→ What is needed
Go through the lines of the material and tally those with the string "cdot"; reply with the number alone.

→ Provided information
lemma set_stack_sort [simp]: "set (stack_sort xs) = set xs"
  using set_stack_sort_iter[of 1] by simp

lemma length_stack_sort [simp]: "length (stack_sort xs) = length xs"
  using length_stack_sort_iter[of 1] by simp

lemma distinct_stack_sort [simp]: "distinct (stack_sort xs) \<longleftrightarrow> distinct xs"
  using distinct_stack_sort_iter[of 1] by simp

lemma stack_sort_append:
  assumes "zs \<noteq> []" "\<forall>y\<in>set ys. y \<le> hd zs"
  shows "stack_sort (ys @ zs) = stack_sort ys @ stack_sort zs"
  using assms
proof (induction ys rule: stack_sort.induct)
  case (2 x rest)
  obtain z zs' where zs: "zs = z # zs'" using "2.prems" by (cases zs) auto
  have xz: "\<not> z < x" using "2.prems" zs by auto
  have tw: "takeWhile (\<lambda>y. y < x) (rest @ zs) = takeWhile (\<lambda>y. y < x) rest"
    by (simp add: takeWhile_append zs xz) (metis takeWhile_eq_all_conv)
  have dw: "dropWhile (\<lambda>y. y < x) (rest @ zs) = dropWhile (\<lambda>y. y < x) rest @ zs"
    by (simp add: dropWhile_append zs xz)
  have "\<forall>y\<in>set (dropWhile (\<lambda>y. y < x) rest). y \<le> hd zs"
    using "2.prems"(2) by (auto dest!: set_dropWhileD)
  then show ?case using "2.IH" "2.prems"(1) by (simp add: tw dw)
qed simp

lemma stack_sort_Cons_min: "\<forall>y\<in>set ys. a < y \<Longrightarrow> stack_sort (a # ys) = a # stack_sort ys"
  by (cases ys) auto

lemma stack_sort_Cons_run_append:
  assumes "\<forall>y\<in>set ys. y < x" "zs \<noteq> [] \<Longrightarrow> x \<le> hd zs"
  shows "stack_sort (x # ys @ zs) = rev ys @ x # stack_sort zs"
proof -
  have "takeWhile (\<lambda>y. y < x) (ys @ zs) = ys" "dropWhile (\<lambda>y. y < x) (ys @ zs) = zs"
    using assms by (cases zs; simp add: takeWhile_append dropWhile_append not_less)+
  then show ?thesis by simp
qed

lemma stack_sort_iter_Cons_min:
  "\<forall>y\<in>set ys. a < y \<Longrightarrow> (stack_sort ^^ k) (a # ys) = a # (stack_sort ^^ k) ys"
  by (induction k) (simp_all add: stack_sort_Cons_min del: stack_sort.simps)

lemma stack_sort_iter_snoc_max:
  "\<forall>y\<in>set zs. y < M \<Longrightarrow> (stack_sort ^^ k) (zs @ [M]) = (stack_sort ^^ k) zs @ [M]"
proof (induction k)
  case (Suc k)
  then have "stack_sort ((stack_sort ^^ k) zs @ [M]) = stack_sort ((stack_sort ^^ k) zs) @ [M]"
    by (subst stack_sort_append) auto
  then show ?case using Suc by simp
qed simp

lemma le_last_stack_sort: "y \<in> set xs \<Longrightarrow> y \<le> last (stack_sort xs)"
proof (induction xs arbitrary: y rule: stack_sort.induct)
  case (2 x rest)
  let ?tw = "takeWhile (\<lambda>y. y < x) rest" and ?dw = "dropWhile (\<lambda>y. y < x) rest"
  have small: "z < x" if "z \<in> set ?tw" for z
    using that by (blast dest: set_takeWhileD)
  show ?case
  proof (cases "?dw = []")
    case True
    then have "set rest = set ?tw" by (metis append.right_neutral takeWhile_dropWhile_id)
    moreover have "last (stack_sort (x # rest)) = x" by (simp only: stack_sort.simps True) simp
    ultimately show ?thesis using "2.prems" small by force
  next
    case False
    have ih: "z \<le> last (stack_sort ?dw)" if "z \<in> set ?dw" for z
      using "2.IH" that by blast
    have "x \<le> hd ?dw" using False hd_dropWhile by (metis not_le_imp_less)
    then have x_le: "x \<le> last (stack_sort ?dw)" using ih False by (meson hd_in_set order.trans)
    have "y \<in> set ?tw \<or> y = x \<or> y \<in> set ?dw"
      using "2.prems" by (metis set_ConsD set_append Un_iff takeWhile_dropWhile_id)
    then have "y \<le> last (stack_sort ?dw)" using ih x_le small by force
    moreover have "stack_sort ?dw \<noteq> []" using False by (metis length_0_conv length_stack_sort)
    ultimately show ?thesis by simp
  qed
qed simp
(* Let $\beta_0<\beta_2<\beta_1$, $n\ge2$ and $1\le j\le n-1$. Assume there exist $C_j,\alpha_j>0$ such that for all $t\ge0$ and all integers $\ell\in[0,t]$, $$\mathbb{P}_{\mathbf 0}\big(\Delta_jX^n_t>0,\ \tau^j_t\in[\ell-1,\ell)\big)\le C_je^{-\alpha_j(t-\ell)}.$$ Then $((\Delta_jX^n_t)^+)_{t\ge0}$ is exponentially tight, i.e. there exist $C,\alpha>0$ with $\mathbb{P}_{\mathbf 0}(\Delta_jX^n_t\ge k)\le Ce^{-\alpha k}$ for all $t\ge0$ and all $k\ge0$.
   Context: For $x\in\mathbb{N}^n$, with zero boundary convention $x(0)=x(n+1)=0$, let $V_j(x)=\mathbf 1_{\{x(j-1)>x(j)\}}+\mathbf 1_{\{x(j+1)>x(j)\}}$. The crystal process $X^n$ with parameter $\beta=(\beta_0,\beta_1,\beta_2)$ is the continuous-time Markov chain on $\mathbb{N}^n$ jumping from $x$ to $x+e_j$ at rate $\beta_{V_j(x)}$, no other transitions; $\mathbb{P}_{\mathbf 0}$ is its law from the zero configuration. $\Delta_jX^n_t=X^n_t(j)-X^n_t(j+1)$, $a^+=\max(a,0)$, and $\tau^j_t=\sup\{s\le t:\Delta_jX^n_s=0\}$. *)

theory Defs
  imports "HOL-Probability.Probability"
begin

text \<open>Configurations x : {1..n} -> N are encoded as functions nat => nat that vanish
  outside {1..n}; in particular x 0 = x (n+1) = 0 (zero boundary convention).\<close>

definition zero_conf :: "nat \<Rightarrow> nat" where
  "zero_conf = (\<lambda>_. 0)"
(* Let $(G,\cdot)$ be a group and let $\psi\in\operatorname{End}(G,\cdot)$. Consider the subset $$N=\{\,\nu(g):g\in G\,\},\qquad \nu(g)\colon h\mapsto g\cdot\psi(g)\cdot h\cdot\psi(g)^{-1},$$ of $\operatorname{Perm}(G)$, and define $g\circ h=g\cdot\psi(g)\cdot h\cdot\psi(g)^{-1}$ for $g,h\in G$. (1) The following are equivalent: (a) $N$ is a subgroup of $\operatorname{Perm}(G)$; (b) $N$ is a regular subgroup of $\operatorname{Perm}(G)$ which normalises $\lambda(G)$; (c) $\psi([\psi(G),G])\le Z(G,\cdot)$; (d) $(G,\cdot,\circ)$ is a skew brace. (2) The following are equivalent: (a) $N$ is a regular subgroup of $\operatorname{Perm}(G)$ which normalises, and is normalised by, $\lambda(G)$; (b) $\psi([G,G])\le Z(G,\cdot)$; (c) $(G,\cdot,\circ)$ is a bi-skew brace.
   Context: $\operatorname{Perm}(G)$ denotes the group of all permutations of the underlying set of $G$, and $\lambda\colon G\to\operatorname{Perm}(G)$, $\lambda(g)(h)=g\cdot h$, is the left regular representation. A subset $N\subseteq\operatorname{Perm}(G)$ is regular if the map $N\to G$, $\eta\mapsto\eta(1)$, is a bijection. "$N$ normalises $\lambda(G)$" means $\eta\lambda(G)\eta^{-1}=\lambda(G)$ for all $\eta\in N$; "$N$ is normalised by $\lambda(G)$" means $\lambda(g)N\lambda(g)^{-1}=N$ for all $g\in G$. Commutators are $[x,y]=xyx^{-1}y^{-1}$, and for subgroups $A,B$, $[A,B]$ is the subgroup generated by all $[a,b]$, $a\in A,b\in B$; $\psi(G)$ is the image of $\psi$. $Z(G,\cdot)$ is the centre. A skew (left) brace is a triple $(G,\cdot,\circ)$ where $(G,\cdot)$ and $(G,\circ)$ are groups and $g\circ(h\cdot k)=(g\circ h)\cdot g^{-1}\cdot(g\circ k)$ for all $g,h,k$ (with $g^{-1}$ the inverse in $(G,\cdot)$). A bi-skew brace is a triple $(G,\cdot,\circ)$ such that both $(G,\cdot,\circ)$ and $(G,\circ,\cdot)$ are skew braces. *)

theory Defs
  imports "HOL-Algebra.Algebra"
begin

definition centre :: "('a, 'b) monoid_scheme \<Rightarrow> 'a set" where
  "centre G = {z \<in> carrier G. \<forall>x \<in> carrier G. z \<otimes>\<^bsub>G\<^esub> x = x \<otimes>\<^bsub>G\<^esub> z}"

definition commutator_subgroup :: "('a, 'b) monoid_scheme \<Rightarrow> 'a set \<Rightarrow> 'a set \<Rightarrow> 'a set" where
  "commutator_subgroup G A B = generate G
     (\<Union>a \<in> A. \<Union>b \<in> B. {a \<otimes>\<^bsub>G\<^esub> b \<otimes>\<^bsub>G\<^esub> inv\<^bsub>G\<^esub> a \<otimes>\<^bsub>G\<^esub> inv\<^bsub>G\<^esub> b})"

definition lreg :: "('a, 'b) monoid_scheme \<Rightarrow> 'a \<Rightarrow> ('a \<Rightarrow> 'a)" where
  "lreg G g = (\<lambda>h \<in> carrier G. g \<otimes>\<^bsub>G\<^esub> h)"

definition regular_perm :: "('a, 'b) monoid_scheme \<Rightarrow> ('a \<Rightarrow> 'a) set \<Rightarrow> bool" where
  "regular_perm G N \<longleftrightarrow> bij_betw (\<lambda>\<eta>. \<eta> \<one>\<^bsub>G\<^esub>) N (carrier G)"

→ Task result
2